Tuesday, November 16, 2021

2021 bpNichol Chapbook Award shortlist interviews: Terese Mason Pierre

Manifest, Terese Mason Pierre
Gap Riot Press, 2020
2021 bpNichol Chapbook Award Shortlist

The 2021 bpNichol Chapbook Award will be announced on Thursday, November 25, 2021.

Terese Mason Pierre is writer and editor whose work has appeared in Hobart, The Walrus, Quill & Quire, and Fantasy Magazine, among others. Her work has been nominated for the SFPA’s Elgin and Rhysling Awards, the bpNichol Chapbook Award, and Best of the Net. She is the co-Editor-in-Chief of Augur Magazine, a Canadian speculative literature journal. Terese has also co-hosted poetry reading series, organized literary events, facilitated creative writing workshops, and spoken at conferences. She is the author of chapbooks, Surface Area (Anstruther Press, 2019) and Manifest (Gap Riot Press, 2020). Terese lives and works in Toronto, Canada. Visit her website at: www.teresemasonpierre.com.

Manifest is your chapbook debut. What was the process of putting it together into a manuscript? How did the manuscript find shape?

Manifest is not my debut chapbook (Surface Area, with Anstruther Press, in 2019, is). But Manifest feels like a debut because these were poems that I’d never really published in earnest before, and I was quite nervous to release them. I had joined Augur Magazine in 2017 as their poetry editor, but hadn’t written any speculative poetry of my own, even though that’s what I was editing. So, in 2019, I decided to start writing in that genre. It was very freeing, in a way. I think I had a lot of hangups about what poetry was supposed to be about, and writing speculative poetry let me explore a lot more.
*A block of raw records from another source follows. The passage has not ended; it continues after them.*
definition matricial_system :: "nat \<Rightarrow> complex mat set \<Rightarrow> bool" where
  "matricial_system n S \<longleftrightarrow> S \<subseteq> carrier_mat n n \<and> 1\<^sub>m n \<in> S \<and>
     (\<forall>A\<in>S. \<forall>B\<in>S. A + B \<in> S) \<and> (\<forall>c. \<forall>A\<in>S. c \<cdot>\<^sub>m A \<in> S) \<and>
     (\<forall>A\<in>S. cadj A \<in> S)"

definition lin_map :: "nat \<Rightarrow> (complex mat \<Rightarrow> complex mat) \<Rightarrow> bool" where
  "lin_map n \<phi> \<longleftrightarrow> (\<forall>A \<in> carrier_mat n n. \<phi> A \<in> carrier_mat n n) \<and>
     (\<forall>A \<in> carrier_mat n n. \<forall>B \<in> carrier_mat n n. \<phi> (A + B) = \<phi> A + \<phi> B) \<and>
     (\<forall>c. \<forall>A \<in> carrier_mat n n. \<phi> (c \<cdot>\<^sub>m A) = c \<cdot>\<^sub>m \<phi> A)"

definition block :: "nat \<Rightarrow> complex mat \<Rightarrow> nat \<Rightarrow> nat \<Rightarrow> complex mat" where
  "block n P a b = mat n n (\<lambda>(i,j). P $$ (a*n+i, b*n+j))"

text \<open>The amplification \<phi>^{(k)} = id_k \<otimes> \<phi> : M_k(M_n) \<rightarrow> M_k(M_n).\<close>
definition ampl :: "nat \<Rightarrow> nat \<Rightarrow> (complex mat \<Rightarrow> complex mat) \<Rightarrow> complex mat \<Rightarrow> complex mat" where
  "ampl n k \<phi> P = mat (k*n) (k*n) (\<lambda>(r,c). \<phi> (block n P (r div n) (c div n)) $$ (r mod n, c mod n))"

definition comp_pos :: "nat \<Rightarrow> (complex mat \<Rightarrow> complex mat) \<Rightarrow> bool" where
  "comp_pos n \<phi> \<longleftrightarrow> lin_map n \<phi> \<and>
     (\<forall>k P. psd (k*n) P \<longrightarrow> psd (k*n) (ampl n k \<phi> P))"

definition CP1 :: "nat \<Rightarrow> (complex mat \<Rightarrow> complex mat) set" where
  "CP1 n = {\<phi>. comp_pos n \<phi> \<and> (\<forall>c. \<exists>d. \<phi> (c \<cdot>\<^sub>m 1\<^sub>m n) = d \<cdot>\<^sub>m 1\<^sub>m n)}"

definition Ind_CP :: "nat \<Rightarrow> complex mat set \<Rightarrow> real" where
  "Ind_CP n S = Inf {opnorm n (\<phi> (1\<^sub>m n)) | \<phi>. \<phi> \<in> CP1 n \<and>
      (\<forall>A \<in> carrier_mat n n. \<phi> A \<in> S) \<and> comp_pos n (\<lambda>A. \<phi> A - A)}"

definition kron :: "nat \<Rightarrow> complex mat \<Rightarrow> complex mat \<Rightarrow> complex mat" where
  "kron n A B = mat (n*n) (n*n) (\<lambda>(r,c). A $$ (r div n, c div n) * B $$ (r mod n, c mod n))"

fun msum :: "nat \<Rightarrow> nat \<Rightarrow> (nat \<Rightarrow> complex mat) \<Rightarrow> complex mat" where
  "msum d 0 f = 0\<^sub>m d d"
| "msum d (Suc m) f = msum d m f + f m"

definition Eunit :: "nat \<Rightarrow> nat \<Rightarrow> nat \<Rightarrow> complex mat" where
  "Eunit n i j = mat n n (\<lambda>(r,c). if r = i \<and> c = j then 1 else 0)"

definition Delta :: "nat \<Rightarrow> complex mat" where
  "Delta n = msum (n*n) n (\<lambda>i. msum (n*n) n (\<lambda>j. kron n (Eunit n i j) (Eunit n i j)))"

text \<open>Partial trace over the first factor, (tr \<otimes> id) : M_n \<otimes> M_n \<rightarrow> M_n.\<close>
definition ptrace1 :: "nat \<Rightarrow> complex mat \<Rightarrow> complex mat" where
  "ptrace1 n X = mat n n (\<lambda>(k,l). \<Sum>i<n. X $$ (i*n+k, i*n+l))"

definition tensor_span :: "nat \<Rightarrow> complex mat set \<Rightarrow> complex mat set" where
  "tensor_span n S = {X. \<exists>m A B. (\<forall>i<m. A i \<in> carrier_mat n n \<and> B i \<in> S) \<and>
      X = msum (n*n) m (\<lambda>i. kron n (A i) (B i))}"

definition sdp_value :: "nat \<Rightarrow> complex mat set \<Rightarrow> real" where
  "sdp_value n S = Sup {lam. \<exists>X. X \<in> carrier_mat (n*n) (n*n) \<and>
      ptrace1 n X = complex_of_real (1 - lam) \<cdot>\<^sub>m 1\<^sub>m n \<and>
      X + complex_of_real lam \<cdot>\<^sub>m Delta n \<in> tensor_span n S \<and>
      psd (n*n) X}"

end

theory Submission
  imports Defs
begin

text \<open>Both inequalities come from the Choi correspondence \<open>\<phi> \<mapsto> C(\<phi>) = (id \<otimes> \<phi>)(\<Delta>\<^sub>n)\<close>.
  If \<open>\<phi>\<close> is admissible, then \<open>\<phi>(1) = c 1\<close> with \<open>c \<ge> 1\<close>, and \<open>X = c\<^sup>-\<^sup>1 C(\<phi> - id)\<close> is feasible
  with \<open>\<lambda> = c\<^sup>-\<^sup>1\<close>: it is positive because \<open>\<phi> - id\<close> is completely positive, its partial trace is
  \<open>c\<^sup>-\<^sup>1 (\<phi> - id)(1)\<close>, and the blocks \<open>c\<^sup>-\<^sup>1 \<phi>(E\<^sub>i\<^sub>j)\<close> of \<open>X + \<lambda>\<Delta>\<^sub>n = c\<^sup>-\<^sup>1 C(\<phi>)\<close> lie in \<open>\<S>\<close>.
  Conversely, a feasible \<open>(\<lambda>, X)\<close> with \<open>\<lambda> > 0\<close> is the data of the map with Choi matrix
  \<open>\<lambda>\<^sup>-\<^sup>1X + \<Delta>\<^sub>n\<close>, which is admissible with \<open>\<phi>(1) = \<lambda>\<^sup>-\<^sup>1 1\<close>; complete positivity of a map with
  positive Choi matrix holds because a positive matrix is a sum of rank-one positive matrices.
  As \<open>\<lambda> = n\<^sup>-\<^sup>2\<close> is always feasible, the infimum and the supremum are reciprocal.\<close>

section \<open>Positive semidefinite forms\<close>

definition nonneg :: "complex \<Rightarrow> bool" where
  "nonneg z \<longleftrightarrow> Im z = 0 \<and> 0 \<le> Re z"

definition qform :: "nat \<Rightarrow> (nat \<Rightarrow> nat \<Rightarrow> complex) \<Rightarrow> (nat \<Rightarrow> complex) \<Rightarrow> complex" where
  "qform m F v = (\<Sum>i<m. cnj (v i) * (\<Sum>j<m. F i j * v j))"

definition psd_form :: "nat \<Rightarrow> (nat \<Rightarrow> nat \<Rightarrow> complex) \<Rightarrow> bool" where
  "psd_form m F \<longleftrightarrow> (\<forall>v. nonneg (qform m F v))"

lemma nonneg_sum: "(\<And>x. x \<in> A \<Longrightarrow> nonneg (f x)) \<Longrightarrow> nonneg (sum f A)"
  unfolding nonneg_def by (simp add: sum_nonneg)

lemma cnj_mult_self: "cnj z * z = complex_of_real ((cmod z)\<^sup>2)"
  by (metis complex_norm_square mult.commute)

lemma nonneg_cnj_mult_self: "nonneg (cnj z * z)"
  by (simp add: cnj_mult_self nonneg_def)

lemma nonneg_iff_of_real: "nonneg z \<longleftrightarrow> (\<exists>r\<ge>0. z = complex_of_real r)"
  by (auto simp: nonneg_def complex_eq_iff)

lemma qform_cong: "(\<And>i j. i < m \<Longrightarrow> j < m \<Longrightarrow> F i j = G i j) \<Longrightarrow> qform m F v = qform m G v"
  unfolding qform_def by (intro sum.cong refl) simp

lemma qform_lin: "qform m (\<lambda>i j. a * F i j + b * G i j) v = a * qform m F v + b * qform m G v"
  by (simp add: qform_def distrib_left distrib_right sum.distrib sum_distrib_left mult_ac)

lemma mult_if_zero_right: "(x::complex) * (if P then y else 0) = (if P then x * y else 0)" by simp
lemma mult_if_zero_left: "(if P then y else 0) * (x::complex) = (if P then y * x else 0)" by simp
lemma cnj_if_zero: "cnj (if P then y else 0) = (if P then cnj y else 0)" by simp
lemma sum_if_zero: "(\<Sum>x\<in>A. if P then f x else (0::complex)) = (if P then (\<Sum>x\<in>A. f x) else 0)"
  by simp
lemmas if_zero_simps = mult_if_zero_right mult_if_zero_left cnj_if_zero sum_if_zero

lemma qform_unit:
  assumes "i < m"
  shows "qform m F (\<lambda>x. if x = i then a else 0) = cnj a * F i i * a"
  using assms by (simp add: qform_def if_zero_simps sum.delta)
The poems in Manifest were all the speculative ones I’d written over the course of 2019. I tried to find a way to connect them, as these poems weren't purposefully written with a chapbook in mind, but I feel readers need to tell me if I’ve succeeded.

My apologies! Frustrating to realize that I reviewed both your chapbooks, referring to each in my reviews as debuts, so I’ve clearly not been paying proper attention. I am curious of your shift into more speculative writing: does this constitute a shift away from the kinds of other writing you were doing before, or is this simply one thread of multiple you see yourself moving in and through, as you move forward?

I definitely see this as one thread of multiple. I write in many genres: literary and speculative poetry, literary and speculative fiction, short fiction, novels, as well as creative nonfiction and book reviews. I see myself writing fantasy novels as well as poetry chapbooks. I am interested in many things, so I write many things. Writing so broadly means I have a lot of “homework” to do as a writer, but it’s a responsibility I am happy to take on. My to-be-read pile is miles long.

What I appreciate about the collection is how the poems appear to hold deep influence from performance and storytelling traditions, as well as how the lyric is held on the page. Do you see your work as blending traditions, or is this simply how your poems emerge?

Speculative poetry is still new to me, and I’m still experimenting. But I’m not doing so with any tradition or strategy in mind; I’m not writing toward a specific method. I’m writing what I like, and what appeals to me, what gets me excited. I believe these poems are just emerging from that mindset. However, when others tell me that I’ve written my way into a particular mode, I am inspired to research, and learn.

What first brought you to poetry?

I have been reading poetry since childhood (my favourite book of poetry as child was Shel Silverstein’s Where The Sidewalk Ends). I took a poetry-reading hiatus during high school—as I was heading towards a Life Science degree and could only handle fiction—and in university, as I learned more and more about the writing community around me. I’ve been writing poetry since the age of 12, and as I read more of the poetry of others, I discover new ways to express the desired themes and emotions in my own work. What I like about poetry is how fluid it is, how amenable it is to the writer’s mind. It is, in my opinion, the perfect form to explore the speculative.

I’m curious: how do you define the speculative, and what does writing in this vein allow for you to do or explore that might not have been possible otherwise?

“Speculative” is an umbrella term for anything pertaining to the unreal or imagined. It encompasses fantasy, science fiction, magical realism, the supernatural, alternate histories, superhero fiction, and much, much more. I think the speculative is further broadened by metaphor (the dreamy, the surreal, the absurd, etc.). In poetry, the speculative appears in the literal as well as the metaphorical, which makes it excellent to write about, in my opinion. For me, writing in the speculative genre is a fun challenge. It allows me to find new ways to express my ideas, to defamiliarize my settings and themes, to try to get readers to see beyond what they are used to. What defines speculative poetry is a conversation (what defines poetry is conversation, too, sometimes), but I tend to focus on what the genre can do for me, what it can allow for me to learn and experiment with.

Have you been writing much in the way of poetry since Manifest was completed? What have you been working on since?

I’m working on a full-length collection, but it’s slow going—very slow. I’m also thinking about writing a third chapbook, but I’m not sure how that's going to take shape yet. I’ve learned that I can’t force poetry.